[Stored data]
_ _ _ _ _ _ _
(* Let $n\ge 2$, $K_n=(V,E)$ the complete graph, and $M_1,M_2$ matchings in $K_n$. If the graph $(V, M_1\triangle M_2)$ has a single non-trivial connected component (a component with more than one node), then $\bm{c}=\chi(M_1)-\chi(M_2)$ is a circuit of the Matching polytope $P_{\mathrm{match}}(n)=\operatorname{conv}\{\chi(M): M\text{ a matching in }K_n\}$, with circuits taken with respect to the linear description $$\bm{x}(E[S])\le (|S|-1)/2 \ \text{for all } S\subseteq V,\ |S| \text{ odd},\ |S|\ge 3;\quad \bm{x}(\delta(v))\le 1\ \text{for all } v\in V;\quad \bm{x}\ge \bm{0}.$$
   Context: $\chi(M)\in\{0,1\}^E$ is the characteristic vector of $M$; $\triangle$ is symmetric difference; $E[S]$ is the set of edges with both endpoints in $S$, $\delta(v)$ the set of edges incident to $v$, $\bm{x}(F)=\sum_{e\in F}x_e$. Circuits: for a polytope $P=\{\bm{x}: B\bm{x}\le \bm{d}\}$ given by a fixed linear system, a nonzero vector $\bm{g}$ is a circuit of $P$ if $\operatorname{supp}(B\bm{g})$ is inclusion-minimal among the sets $\operatorname{supp}(B\bm{y})$ with $\bm{y}\neq\bm{0}$. *)

theory Defs
  imports "HOL-Analysis.Analysis"
begin

definition Kverts :: "nat \<Rightarrow> nat set" where
  "Kverts n = {..<n}"

definition Kedges :: "nat \<Rightarrow> nat set set" where
  "Kedges n = {e. \<exists>u v. u < n \<and> v < n \<and> u \<noteq> v \<and> e = {u, v}}"

definition is_matching :: "nat \<Rightarrow> nat set set \<Rightarrow> bool" where
  "is_matching n M \<longleftrightarrow> M \<subseteq> Kedges n \<and>
     (\<forall>e\<in>M. \<forall>f\<in>M. e \<noteq> f \<longrightarrow> e \<inter> f = {})"

definition chi :: "nat set set \<Rightarrow> nat set \<Rightarrow> real" where
  "chi M e = (if e \<in> M then 1 else 0)"

definition inner_edges :: "nat \<Rightarrow> nat set \<Rightarrow> nat set set" where
  "inner_edges n S = {e \<in> Kedges n. e \<subseteq> S}"

definition delta :: "nat \<Rightarrow> nat \<Rightarrow> nat set set" where
  "delta n v = {e \<in> Kedges n. v \<in> e}"

text \<open>Vectors in R^E: real functions on edges vanishing outside E.\<close>
definition edge_vecs :: "nat \<Rightarrow> (nat set \<Rightarrow> real) set" where
  "edge_vecs n = {x. \<forall>e. e \<notin> Kedges n \<longrightarrow> x e = 0}"

text \<open>Rows of the linear description B x \<le> d of the matching polytope.\<close>
datatype row = OddSetRow "nat set" | DegRow nat | NonnegRow "nat set"

definition match_rows :: "nat \<Rightarrow> row set" where
  "match_rows n =
     {OddSetRow S | S. S \<subseteq> Kverts n \<and> odd (card S) \<and> card S \<ge> 3}
     \<union> {DegRow v | v. v \<in> Kverts n}
     \<union> {NonnegRow e | e. e \<in> Kedges n}"

text \<open>The row r of B applied to x  (nonnegativity x_e \<ge> 0 written as -x_e \<le> 0).\<close>
fun Bmul :: "nat \<Rightarrow> (nat set \<Rightarrow> real) \<Rightarrow> row \<Rightarrow> real" where
  "Bmul n x (OddSetRow S) = sum x (inner_edges n S)"
| "Bmul n x (DegRow v) = sum x (delta n v)"
| "Bmul n x (NonnegRow e) = - x e"

fun rhs :: "row \<Rightarrow> real" where
  "rhs (OddSetRow S) = (real (card S) - 1) / 2"
| "rhs (DegRow v) = 1"
| "rhs (NonnegRow e) = 0"

definition supp_B :: "nat \<Rightarrow> (nat set \<Rightarrow> real) \<Rightarrow> row set" where
  "supp_B n y = {r \<in> match_rows n. Bmul n y r \<noteq> 0}"

definition is_circuit :: "nat \<Rightarrow> (nat set \<Rightarrow> real) \<Rightarrow> bool" where
  "is_circuit n g \<longleftrightarrow> g \<in> edge_vecs n \<and> g \<noteq> (\<lambda>_. 0) \<and>
     (\<forall>y \<in> edge_vecs n. y \<noteq> (\<lambda>_. 0) \<longrightarrow> \<not> (supp_B n y \<subset> supp_B n g))"

definition reach :: "nat set set \<Rightarrow> nat \<Rightarrow> nat \<Rightarrow> bool" where
  "reach F = (\<lambda>u v. {u, v} \<in> F)\<^sup>*\<^sup>*"

definition components :: "nat \<Rightarrow> nat set set \<Rightarrow> nat set set" where
  "components n F = {{w \<in> Kverts n. reach F u w} | u. u \<in> Kverts n}"

definition nontrivial_components :: "nat \<Rightarrow> nat set set \<Rightarrow> nat set set" where
  "nontrivial_components n F = {C \<in> components n F. card C > 1}"

end

theory Submission
  imports Defs
begin

text \<open>Let \<open>D = M\<^sub>1 \<triangle> M\<^sub>2\<close> and \<open>g = \<chi>(M\<^sub>1) - \<chi>(M\<^sub>2)\<close>. If \<open>supp(By) \<subseteq> supp(Bg)\<close>, the
  nonnegativity rows force \<open>y\<close> to vanish off \<open>D\<close>. At a vertex met by two edges of \<open>D\<close> these
  come from different matchings, so \<open>g\<close> has degree sum \<open>0\<close> there and, by the degree rows, so
  does \<open>y\<close>; thus \<open>y/g\<close> is constant along paths of \<open>D\<close>. As the edges of \<open>D\<close> form a single
  connected component, \<open>y\<close> is a nonzero multiple of \<open>g\<close>, whence \<open>supp(By) = supp(Bg)\<close>.\<close>

lemma finite_Kedges: "finite (Kedges n)"
proof -
  have "Kedges n \<subseteq> Pow {..<n}" by (auto simp: Kedges_def)
  then show ?thesis by (rule finite_subset) simp
qed

lemma finite_delta: "finite (delta n v)"
  using finite_Kedges by (rule finite_subset[rotated]) (auto simp: delta_def)

lemma supp_B_scale:
  assumes "t \<noteq> 0"
  shows "supp_B n (\<lambda>e. t * g e) = supp_B n g"
proof -
  have "Bmul n (\<lambda>e. t * g e) r = t * Bmul n g r" for r
    by (cases r) (auto simp: sum_distrib_left)
  then show ?thesis using assms by (simp add: supp_B_def)
qed

lemma is_circuitI:
  assumes "g \<in> edge_vecs n" and "g \<noteq> (\<lambda>_. 0)"
    and multiple: "\<And>y. y \<in> edge_vecs n \<Longrightarrow> supp_B n y \<subseteq> supp_B n g \<Longrightarrow> \<exists>t. y = (\<lambda>e. t * g e)"
  shows "is_circuit n g"
  unfolding is_circuit_def
proof (intro conjI assms ballI impI notI)
  fix y assume "y \<in> edge_vecs n" "y \<noteq> (\<lambda>_. 0)" and strict: "supp_B n y \<subset> supp_B n g"
  then obtain t where y: "y = (\<lambda>e. t * g e)" using multiple by blast
  with \<open>y \<noteq> (\<lambda>_. 0)\<close> have "t \<noteq> 0" by auto
  then have "supp_B n y = supp_B n g" unfolding y by (rule supp_B_scale)
  with strict show False by simp
qed

lemma supp_B_subset_zero_edge:
  assumes "y \<in> edge_vecs n" and "supp_B n y \<subseteq> supp_B n g" and "g e = 0"
  shows "y e = 0"
proof (cases "e \<in> Kedges n")
  case True
  then have "NonnegRow e \<in> match_rows n" by (auto simp: match_rows_def)
  with assms(2,3) show ?thesis by (auto simp: supp_B_def)
qed (use assms(1) in \<open>auto simp: edge_vecs_def\<close>)

lemma supp_B_subset_zero_degree:
  assumes "supp_B n y \<subseteq> supp_B n g" and "v < n" and "sum g (delta n v) = 0"
  shows "sum y (delta n v) = 0"
proof -
  have "DegRow v \<in> match_rows n" using assms(2) by (auto simp: match_rows_def Kverts_def)
  with assms(1,3) show ?thesis by (auto simp: supp_B_def)
qed

lemma Kedges_vertex_less: "e \<in> Kedges n \<Longrightarrow> v \<in> e \<Longrightarrow> v < n"
  by (auto simp: Kedges_def)

lemma sym_diff_matchings_subset_Kedges:
  "is_matching n M1 \<Longrightarrow> is_matching n M2 \<Longrightarrow> sym_diff M1 M2 \<subseteq> Kedges n"
  by (auto simp: is_matching_def)

lemma chi_diff_eq_0_iff: "chi M1 e - chi M2 e = 0 \<longleftrightarrow> e \<notin> sym_diff M1 M2"
  by (auto simp: chi_def)

lemma sym_diff_matchings_adjacent:
  assumes "is_matching n M1" and "is_matching n M2"
    and "e \<in> sym_diff M1 M2" "f \<in> sym_diff M1 M2" "e \<noteq> f" "v \<in> e" "v \<in> f"
  shows "(e \<in> M1 - M2 \<and> f \<in> M2 - M1) \<or> (e \<in> M2 - M1 \<and> f \<in> M1 - M2)"
    and "delta n v \<inter> sym_diff M1 M2 = {e, f}"
proof -
  have disj1: "\<And>h k. h \<in> M1 \<Longrightarrow> k \<in> M1 \<Longrightarrow> v \<in> h \<Longrightarrow> v \<in> k \<Longrightarrow> h = k"
    and disj2: "\<And>h k. h \<in> M2 \<Longrightarrow> k \<in> M2 \<Longrightarrow> v \<in> h \<Longrightarrow> v \<in> k \<Longrightarrow> h = k"
    using assms(1,2) unfolding is_matching_def by blast+
  show alt: "(e \<in> M1 - M2 \<and> f \<in> M2 - M1) \<or> (e \<in> M2 - M1 \<and> f \<in> M1 - M2)"
    using assms(3-7) disj1[of e f] disj2[of e f] by blast
  have "e \<in> Kedges n" "f \<in> Kedges n"
    using assms(1-4) by (auto simp: is_matching_def)
  with alt assms(6,7) show "delta n v \<inter> sym_diff M1 M2 = {e, f}"
    unfolding delta_def using disj1 disj2 by blast
qed

lemma sum_delta_two_edges:
  assumes "\<And>h. h \<notin> D \<Longrightarrow> x h = 0" and "delta n v \<inter> D = {e, f}" and "e \<noteq> f"
  shows "sum x (delta n v) = x e + x f"
proof -
  have "sum x (delta n v) = sum x (delta n v \<inter> D)"
    by (rule sum.mono_neutral_right) (use finite_delta assms(1) in auto)
  with assms(2,3) show ?thesis by simp
qed

lemma reach_propagates_along_edges:
  assumes step: "\<And>e f v. e \<in> F \<Longrightarrow> f \<in> F \<Longrightarrow> v \<in> e \<Longrightarrow> v \<in> f \<Longrightarrow> P e \<Longrightarrow> P f"
    and "e0 \<in> F" "a \<in> e0" "P e0" and "reach F a w"
  shows "\<forall>f\<in>F. w \<in> f \<longrightarrow> P f"
  using \<open>reach F a w\<close> unfolding reach_def
proof (induction rule: rtranclp_induct)
  case base
  then show ?case using step assms(2-4) by blast
next
  case (step w w')
  then have "P {w, w'}" by blast
  with step.hyps(2) show ?case using assms(1)[of "{w, w'}" _ w'] by blast
qed

lemma Kedges_doubleton: "{p, q} \<in> Kedges n \<Longrightarrow> p < n \<and> q < n \<and> p \<noteq> q"
  unfolding Kedges_def by (auto simp: doubleton_eq_iff)

lemma component_of_edge_nontrivial:
  assumes "F \<subseteq> Kedges n" and "{p, q} \<in> F"
  shows "{w \<in> Kverts n. reach F p w} \<in> nontrivial_components n F"
proof -
  let ?K = "{w \<in> Kverts n. reach F p w}"
  from assms have pq: "p < n" "q < n" "p \<noteq> q" using Kedges_doubleton by blast+
  have "reach F p p" "reach F p q"
    using assms(2) unfolding reach_def by auto
  with pq have "{p, q} \<subseteq> ?K" "finite ?K" by (auto simp: Kverts_def)
  then have "card {p, q} \<le> card ?K" by (rule card_mono[rotated])
  with pq show ?thesis
    by (auto simp: nontrivial_components_def components_def Kverts_def)
qed

lemma nontrivial_component_has_edge:
  assumes "C \<in> nontrivial_components n F"
  shows "\<exists>u v. {u, v} \<in> F"
proof -
  from assms obtain c where C: "C = {w \<in> Kverts n. reach F c w}" and "card C > 1"
    by (auto simp: nontrivial_components_def components_def)
  then have "\<not> C \<subseteq> {c}" using card_mono[of "{c}" C] by auto
  then obtain w where "reach F c w" "c \<noteq> w" using C by auto
  then obtain z where "{c, z} \<in> F" unfolding reach_def by (auto elim: converse_rtranclpE)
  then show ?thesis by blast
qed

lemma reach_single_nontrivial_component:
  assumes "nontrivial_components n F = {C}" and "F \<subseteq> Kedges n"
    and "{a, b} \<in> F" "{p, q} \<in> F"
  shows "reach F a p"
proof -
  have "{w \<in> Kverts n. reach F a w} = C" "{w \<in> Kverts n. reach F p w} = C"
    using component_of_edge_nontrivial[OF assms(2)] assms(1,3,4) by simp_all
  moreover have "p < n" using assms(2,4) Kedges_doubleton by blast
  then have "p \<in> {w \<in> Kverts n. reach F p w}" by (simp add: Kverts_def reach_def)
  ultimately show ?thesis by blast
qed

lemma proportional_to_alternating_vector:
  assumes "is_matching n M1" and "is_matching n M2"
    and component: "nontrivial_components n (sym_diff M1 M2) = {C}"
    and off: "\<And>h. h \<notin> sym_diff M1 M2 \<Longrightarrow> y h = 0"
    and balanced: "\<And>e f v. e \<in> sym_diff M1 M2 \<Longrightarrow> f \<in> sym_diff M1 M2 \<Longrightarrow>
      e \<noteq> f \<Longrightarrow> v \<in> e \<Longrightarrow> v \<in> f \<Longrightarrow> y e + y f = 0"
  shows "\<exists>t. y = (\<lambda>e. t * (chi M1 e - chi M2 e))"
proof -
  define D where "D = sym_diff M1 M2"
  define g where "g e = chi M1 e - chi M2 e" for e
  have DE: "D \<subseteq> Kedges n" using sym_diff_matchings_subset_Kedges[OF assms(1,2)] D_def by simp
  obtain a b where ab: "{a, b} \<in> D"
    using nontrivial_component_has_edge component unfolding D_def by blast
  define t where "t = y {a, b} / g {a, b}"
  let ?P = "\<lambda>f. y f = t * g f"
  have step: "?P f" if "e \<in> D" "f \<in> D" "v \<in> e" "v \<in> f" "?P e" for e f v
  proof (cases "e = f")
    case False
    have "g f = - g e"
      using sym_diff_matchings_adjacent(1)[OF assms(1,2) that(1,2)[unfolded D_def] False that(3,4)]
      by (auto simp: g_def chi_def)
    moreover have "y f = - y e"
      using balanced[of e f v] that(1-4) False unfolding D_def by linarith
    ultimately show ?thesis using that(5) by simp
  qed (use that in simp)
  have "?P {a, b}" using ab chi_diff_eq_0_iff by (simp add: t_def g_def D_def)
  then have "?P f" if "f \<in> D" for f
  proof -
    from that DE obtain p q where f: "f = {p, q}" by (auto simp: Kedges_def)
    have "reach D a p"
      using reach_single_nontrivial_component[OF component[folded D_def] DE ab] that f by blast
    with step ab \<open>?P {a, b}\<close> show ?thesis
      using reach_propagates_along_edges[of D ?P] that f by blast
  qed
  moreover have "?P f" if "f \<notin> D" for f
    using that off chi_diff_eq_0_iff unfolding D_def g_def by simp
  ultimately show ?thesis unfolding g_def by blast
qed

lemma supp_B_subset_alternating_vector:
  assumes "is_matching n M1" and "is_matching n M2"
    and component: "nontrivial_components n (sym_diff M1 M2) = {C}"
    and y: "y \<in> edge_vecs n" and supp: "supp_B n y \<subseteq> supp_B n (\<lambda>e. chi M1 e - chi M2 e)"
  shows "\<exists>t. y = (\<lambda>e. t * (chi M1 e - chi M2 e))"
proof -
  define g where "g = (\<lambda>e. chi M1 e - chi M2 e)"
  have g_off: "g h = 0" if "h \<notin> sym_diff M1 M2" for h
    using that chi_diff_eq_0_iff by (simp add: g_def)
  have y_off: "y h = 0" if "h \<notin> sym_diff M1 M2" for h
    using supp_B_subset_zero_edge[OF y supp[folded g_def] g_off[OF that]] .
  have "y e + y f = 0"
    if "e \<in> sym_diff M1 M2" "f \<in> sym_diff M1 M2" "e \<noteq> f" "v \<in> e" "v \<in> f" for e f v
  proof -
    note adj = sym_diff_matchings_adjacent[OF assms(1,2) that]
    have "v < n"
      using sym_diff_matchings_subset_Kedges[OF assms(1,2)] that(1,4) Kedges_vertex_less by blast
    moreover have "sum g (delta n v) = g e + g f" using sum_delta_two_edges[OF g_off adj(2) that(3)] .
    moreover have "g e + g f = 0" using adj(1) by (auto simp: g_def chi_def)
    ultimately have "sum y (delta n v) = 0"
      using supp_B_subset_zero_degree[OF supp[folded g_def]] by simp
    then show ?thesis using sum_delta_two_edges[OF y_off adj(2) that(3)] by simp
  qed
  from proportional_to_alternating_vector[OF assms(1-3) y_off this] show ?thesis .
qed

theorem corollary1:
  fixes n :: nat and M1 M2 :: "nat set set"
  assumes "n \<ge> 2"
    and "is_matching n M1" and "is_matching n M2"
    and "\<exists>C. nontrivial_components n (M1 - M2 \<union> (M2 - M1)) = {C}"
  shows "is_circuit n (\<lambda>e. chi M1 e - chi M2 e)"
proof (rule is_circuitI)
  from assms(4) obtain C where C: "nontrivial_components n (sym_diff M1 M2) = {C}" by blast
  then obtain u v where "{u, v} \<in> sym_diff M1 M2" by (blast dest: nontrivial_component_has_edge)
  then have "chi M1 {u, v} - chi M2 {u, v} \<noteq> 0" by (simp only: chi_diff_eq_0_iff not_not)
  then show "(\<lambda>e. chi M1 e - chi M2 e) \<noteq> (\<lambda>_. 0)" by (auto simp: fun_eq_iff)
  from sym_diff_matchings_subset_Kedges[OF assms(2,3)] show "(\<lambda>e. chi M1 e - chi M2 e) \<in> edge_vecs n"
    using chi_diff_eq_0_iff by (auto simp: edge_vecs_def)
  show "\<exists>t. y = (\<lambda>e. t * (chi M1 e - chi M2 e))"
    if "y \<in> edge_vecs n" and "supp_B n y \<subseteq> supp_B n (\<lambda>e. chi M1 e - chi M2 e)" for y
    using supp_B_subset_alternating_vector[OF assms(2,3) C that] .
qed

end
_ _ _ _ _ _ _
From the first line of the data through the line with "u \<noteq> v", quote each line exactly and add nothing else.

(* Let $n\ge 2$, $K_n=(V,E)$ the complete graph, and $M_1,M_2$ matchings in $K_n$. If the graph $(V, M_1\triangle M_2)$ has a single non-trivial connected component (a component with more than one node), then $\bm{c}=\chi(M_1)-\chi(M_2)$ is a circuit of the Matching polytope $P_{\mathrm{match}}(n)=\operatorname{conv}\{\chi(M): M\text{ a matching in }K_n\}$, with circuits taken with respect to the linear description $$\bm{x}(E[S])\le (|S|-1)/2 \ \text{for all } S\subseteq V,\ |S| \text{ odd},\ |S|\ge 3;\quad \bm{x}(\delta(v))\le 1\ \text{for all } v\in V;\quad \bm{x}\ge \bm{0}.$$
   Context: $\chi(M)\in\{0,1\}^E$ is the characteristic vector of $M$; $\triangle$ is symmetric difference; $E[S]$ is the set of edges with both endpoints in $S$, $\delta(v)$ the set of edges incident to $v$, $\bm{x}(F)=\sum_{e\in F}x_e$. Circuits: for a polytope $P=\{\bm{x}: B\bm{x}\le \bm{d}\}$ given by a fixed linear system, a nonzero vector $\bm{g}$ is a circuit of $P$ if $\operatorname{supp}(B\bm{g})$ is inclusion-minimal among the sets $\operatorname{supp}(B\bm{y})$ with $\bm{y}\neq\bm{0}$. *)

theory Defs
  imports "HOL-Analysis.Analysis"
begin

definition Kverts :: "nat \<Rightarrow> nat set" where
  "Kverts n = {..<n}"

definition Kedges :: "nat \<Rightarrow> nat set set" where
  "Kedges n = {e. \<exists>u v. u < n \<and> v < n \<and> u \<noteq> v \<and> e = {u, v}}"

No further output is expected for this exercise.